Could you say more about how artists interested in OOO are only interested in naming?
I also feel like I need to move fast and write up my own thoughts about OOO and art in some kind of formal essay before the ship leaves without me.
Hey Thomas,
I wouldn’t hold out for much at the moment Thomas, this ship is chugging, but chugging slowly enough. I would love to hear what you would write for a formal essay.
As far as I know the reins are being held by Me, Ennis, Tim Morton, possibly Paul Caplan, (not sure on the art front – certainty on the media/journalist front) Martin Westwood, the Eco-Tone collective in Nottingham and Francis Halsall (part of the Dublin collective interested in OOO/Art). That’s it from an art theory point of view.
As for artists themselves, there are probably dozens if not more. I would point that because one of the basic remits of OOO is the equality of relations between objects, I’d guess making art is considered one of many studies into objects, along with psychoanalysis, science studies and technology. The role of aesthetics in general however is pivotal for understanding object to object relationships, particularly Harman, Morton and myself.

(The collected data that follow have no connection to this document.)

(* In the fixed-flow two-parallel-path setting with $l_{P_1}<l_{P_2}$, and with initial flows at vertices other than $s,d$ satisfying $f_v(0)\le\bar f$, $b_v(0)\le\bar b$, let $T_1=\max_{(u,v)\in E}\log(p_{uv}(0)/(\bar f+\bar b))/\log(1/\delta)$. Then for every integer $t\ge L+\max(0,T_1)$, $$r_{ss_1}(t+1)\ \ge\ r_{\min}(t)\left(1+\frac{\alpha-\beta}{C+\beta}\right),\qquad \alpha=1-l_{P_1},\ \beta=1-l_{P_2},\ C=\frac{5(\bar f+\bar b)}{\bar b(1-\delta)}.$$
   Context: Model (linear decision rule). Directed graph $G=(V,E)$, source $s$, destination $d$, discrete time; pheromone $p_{uv}(t)$, forward flows $f_v(t)$, backward flows $b_v(t)$; leakages $l_v\in[0,1]$; decay $\delta\in(0,1)$; exogenous inputs $f_s(t),b_d(t)$. Edge flows: $f_{uv}(t)=f_u(t)p_{uv}(t)/\sum_{z:(u,z)\in E}p_{uz}(t)$, $b_{uv}(t)=b_v(t)p_{uv}(t)/\sum_{z:(z,v)\in E}p_{zv}(t)$ (at a vertex with a single outgoing, resp. incoming, edge the whole flow goes along it). Updates: $f_v(t+1)=(1-l_v)\sum_{z:(z,v)\in E}f_{zv}(t)$ for $v\neq s$, $b_u(t+1)=(1-l_u)\sum_{z:(u,z)\in E}b_{uz}(t)$ for $u\ne d$, $p_{uv}(t+1)=\delta(p_{uv}(t)+f_{uv}(t)+b_{uv}(t))$. Path leakage $l_P=1-\prod_{v\in P\setminus\{s,d\}}(1-l_v)$. Two parallel paths: $G$ is the union of directed paths $P_1,P_2$ from $s$ to $d$ sharing only $s,d$; $s_1,s_2$ are the successors of $s$ and $d_1,d_2$ the predecessors of $d$ on $P_1,P_2$; $m=\mathrm{len}(P_1)$, $n=\mathrm{len}(P_2)$ (numbers of edges), $L=\max(m,n)$. Potential: $r_{ss_1}(t)=p_{ss_1}(t)/p_{ss_2}(t)$, $r_{d_1d}(t)=p_{d_1d}(t)/p_{d_2d}(t)$, and for $t\ge L$, $r_{\min}(t)=\min\{r_{ss_1}(t-i),\,r_{d_1d}(t-i):0\le i\le L-1\}$. Fixed-flow setting: $f_s(t)=\bar f>0$ and $b_d(t)=\bar b>0$ for all $t$, and all initial pheromone levels $p_{uv}(0)$ are positive. *)

theory Defs
  imports Complex_Main
begin
lemma coordinate_basis_scaled_cols_mat1_minus_ones:
  fixes a \<delta> :: real
  assumes a: "a \<noteq> 0" and \<delta>: "\<delta> * CARD('n::finite) \<noteq> 1"
  shows "coordinate_basis (\<lambda>j::'n. a *\<^sub>R col j (mat 1 - \<delta> *\<^sub>R ones_mat))"
  unfolding coordinate_basis_def
proof
  fix x :: "real^'n"
  define S where "S = (\<Sum>i\<in>UNIV. x $ i)"
  define y where "y = 1 - \<delta> * CARD('n)"
  have y: "y \<noteq> 0"
    using \<delta> by (simp add: y_def)
  \<comment> \<open>the inverse of \<open>I - \<delta>J\<close> is \<open>I + (\<delta>/y)J\<close>\<close>
  have "x = (\<Sum>j\<in>UNIV. l j *\<^sub>R (a *\<^sub>R col j (mat 1 - \<delta> *\<^sub>R ones_mat)))
      \<longleftrightarrow> l = (\<lambda>i. (x $ i + \<delta> * S / y) / a)" for l
  proof
    assume x: "x = (\<Sum>j\<in>UNIV. l j *\<^sub>R (a *\<^sub>R col j (mat 1 - \<delta> *\<^sub>R ones_mat)))"
    have x_nth: "x $ i = a * (l i - \<delta> * sum l UNIV)" for i
      unfolding x by (rule scaled_cols_mat1_minus_ones_sum_nth)
    have "S = a * (sum l UNIV - CARD('n) * (\<delta> * sum l UNIV))"
      unfolding S_def x_nth by (simp add: sum_distrib_left[symmetric] sum_subtractf)
    also have "\<dots> = a * y * sum l UNIV"
      by (simp add: y_def algebra_simps)
    finally have "S = a * y * sum l UNIV" .
    then show "l = (\<lambda>i. (x $ i + \<delta> * S / y) / a)"
      using x_nth a y by (auto simp: field_simps)
  next
    assume l: "l = (\<lambda>i. (x $ i + \<delta> * S / y) / a)"
    have "sum l UNIV = (S + CARD('n) * (\<delta> * S / y)) / a"
      unfolding l S_def by (simp add: sum_divide_distrib[symmetric] sum.distrib)
    also have "\<dots> = S / (a * y)"
      using a y unfolding y_def by (simp add: field_simps)
    finally have "sum l UNIV = S / (a * y)" .
    then show "x = (\<Sum>j\<in>UNIV. l j *\<^sub>R (a *\<^sub>R col j (mat 1 - \<delta> *\<^sub>R ones_mat)))"
      unfolding vec_eq_iff scaled_cols_mat1_minus_ones_sum_nth using l a y by (simp add: field_simps)
  qed
  then show "\<exists>!l. x = (\<Sum>j\<in>UNIV. l j *\<^sub>R (a *\<^sub>R col j (mat 1 - \<delta> *\<^sub>R ones_mat)))"
    by simp
qed
definition quasiconvex_H :: "(real \<Rightarrow> real \<Rightarrow> real) \<Rightarrow> bool" where
  "quasiconvex_H H \<longleftrightarrow> (\<forall>s\<in>{0..1}. \<forall>b. convex {p. H s p \<le> b})"

definition visc_subsol :: "(real \<Rightarrow> real \<Rightarrow> real) \<Rightarrow> real \<Rightarrow> (real \<Rightarrow> real) \<Rightarrow> bool" where
  "visc_subsol H a u \<longleftrightarrow> continuous_on {0<..<1} u \<and>
     (\<forall>x0\<in>{0<..<1}. \<forall>\<phi> \<phi>'.
        (\<forall>x\<in>{0<..<1}. (\<phi> has_real_derivative \<phi>' x) (at x)) \<and> continuous_on {0<..<1} \<phi>' \<and>
        (\<exists>e>0. \<forall>x\<in>{0<..<1}. \<bar>x - x0\<bar> < e \<longrightarrow> u x - \<phi> x \<le> u x0 - \<phi> x0)
        \<longrightarrow> H x0 (\<phi>' x0) \<le> a)"

definition periodic_subsol :: "(real \<Rightarrow> real \<Rightarrow> real) \<Rightarrow> real \<Rightarrow> (real \<Rightarrow> real) \<Rightarrow> bool" where
  "periodic_subsol H a u \<longleftrightarrow> continuous_on {0..1} u \<and> u 0 = u 1 \<and> visc_subsol H a u"

definition minH :: "(real \<Rightarrow> real \<Rightarrow> real) \<Rightarrow> real \<Rightarrow> real" where
  "minH H s = Inf (range (H s))"

definition a_H :: "(real \<Rightarrow> real \<Rightarrow> real) \<Rightarrow> real" where
  "a_H H = Sup (minH H ` {0..1})"

text \<open>c_H = min of those a admitting a periodic subsolution (the minimum exists).\<close>
definition c_H :: "(real \<Rightarrow> real \<Rightarrow> real) \<Rightarrow> real" where
  "c_H H = Inf {a. \<exists>u. periodic_subsol H a u}"

definition sigma_plus :: "(real \<Rightarrow> real \<Rightarrow> real) \<Rightarrow> real \<Rightarrow> real \<Rightarrow> real" where
  "sigma_plus H a s = Sup {p. H s p = a}"

definition sigma_minus :: "(real \<Rightarrow> real \<Rightarrow> real) \<Rightarrow> real \<Rightarrow> real \<Rightarrow> real" where
  "sigma_minus H a s = Inf {p. H s p = a}"

end

theory Submission
  imports Defs
begin

(*
  Comparison principle: if u is a periodic subsolution at level a and the continuous slope f satisfies
  H(s,q) > a for all q >= f(s), then u - int_0^x f cannot increase (otherwise u - int_0^x f - d e^(Kx)
  has an interior maximum, where the test slope exceeds f), so int_0^1 f >= 0.  Taking f = sigma+ + eps
  and a periodic subsolution at a level between c_H and min_s H(s, f(s)) gives int sigma+ >= 0, and
  symmetrically int sigma- <= 0.  The hypothesis on c_H leaves two cases.  If min_p H(s,p) = c_H for
  every s, then sigma- = sigma+ and both integrals vanish.  Otherwise every sublevel set {H(s,.) < c_H}
  is nonempty, so sigma- < sigma+; if both integrals were nonzero, the convex combination of sigma- and
  sigma+ with zero mean would be the derivative of a classical periodic subsolution strictly below c_H.
*)

section \<open>Real analysis on the unit interval\<close>

lemma continuous_on_uncurried_comp:
  fixes H :: "'a::topological_space \<Rightarrow> 'b::topological_space \<Rightarrow> 'c::topological_space"
  assumes H: "continuous_on (S \<times> UNIV) (\<lambda>(s, p). H s p)"
    and f: "continuous_on T f" and g: "continuous_on T g" and fT: "f ` T \<subseteq> S"
  shows "continuous_on T (\<lambda>t. H (f t) (g t))"
  using continuous_on_compose2[OF H continuous_on_Pair[OF f g]] fT by auto

lemma has_real_derivative_indefinite_integral_01:
  fixes f :: "real \<Rightarrow> real"
  assumes f: "continuous_on {0..1} f" and x: "x \<in> {0<..<1}"
  shows "((\<lambda>x. integral {0..x} f) has_real_derivative f x) (at x)"
  using integral_has_real_derivative[OF f, of x] x by (simp add: at_within_Icc_at)

lemma continuous_on_indefinite_integral_01:
  fixes f :: "real \<Rightarrow> real"
  assumes "continuous_on {0..1} f"
  shows "continuous_on {0..1} (\<lambda>x. integral {0..x} f)"
  by (rule indefinite_integral_continuous_1) (rule integrable_continuous_interval[OF assms])

lemma has_real_derivative_reflect:
  assumes "(f has_real_derivative f') (at (1 - x))"
  shows "((\<lambda>x. f (1 - x)) has_real_derivative - f') (at x)"
proof -
  have "((\<lambda>x. 1 - x) has_real_derivative - 1) (at x)" by (auto intro!: derivative_eq_intros)
  from DERIV_chain2[where f = f and g = "\<lambda>x. 1 - x", OF assms this] show ?thesis by simp
qed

As for the ‘interesting in naming’ quip, I kind of pointed it out when I watched Tim’s recordings of the RCA event again. It just seemed to me that Westwood and Timoney were trying to grasp how the name of the artwork emerges as it drips in and out of context. For Westwood seems to be interested solely in exchange value, bartering and the nature of the work in context; for Timoney its naming something from the infinite permutations of context and form inherent within the diversity of objects. Both different types of naming of course, but naming nonetheless.
Whereas for me, I’m more interested in the ontological foundations of what composes an artwork, different from a ‘mundane object’. The fact that OOO considers all objects as anti-mundane, must re-establish how an artwork is composed objectively (and this is precisely because – but not a result of – OOO removing any notion of a human, discursive subject).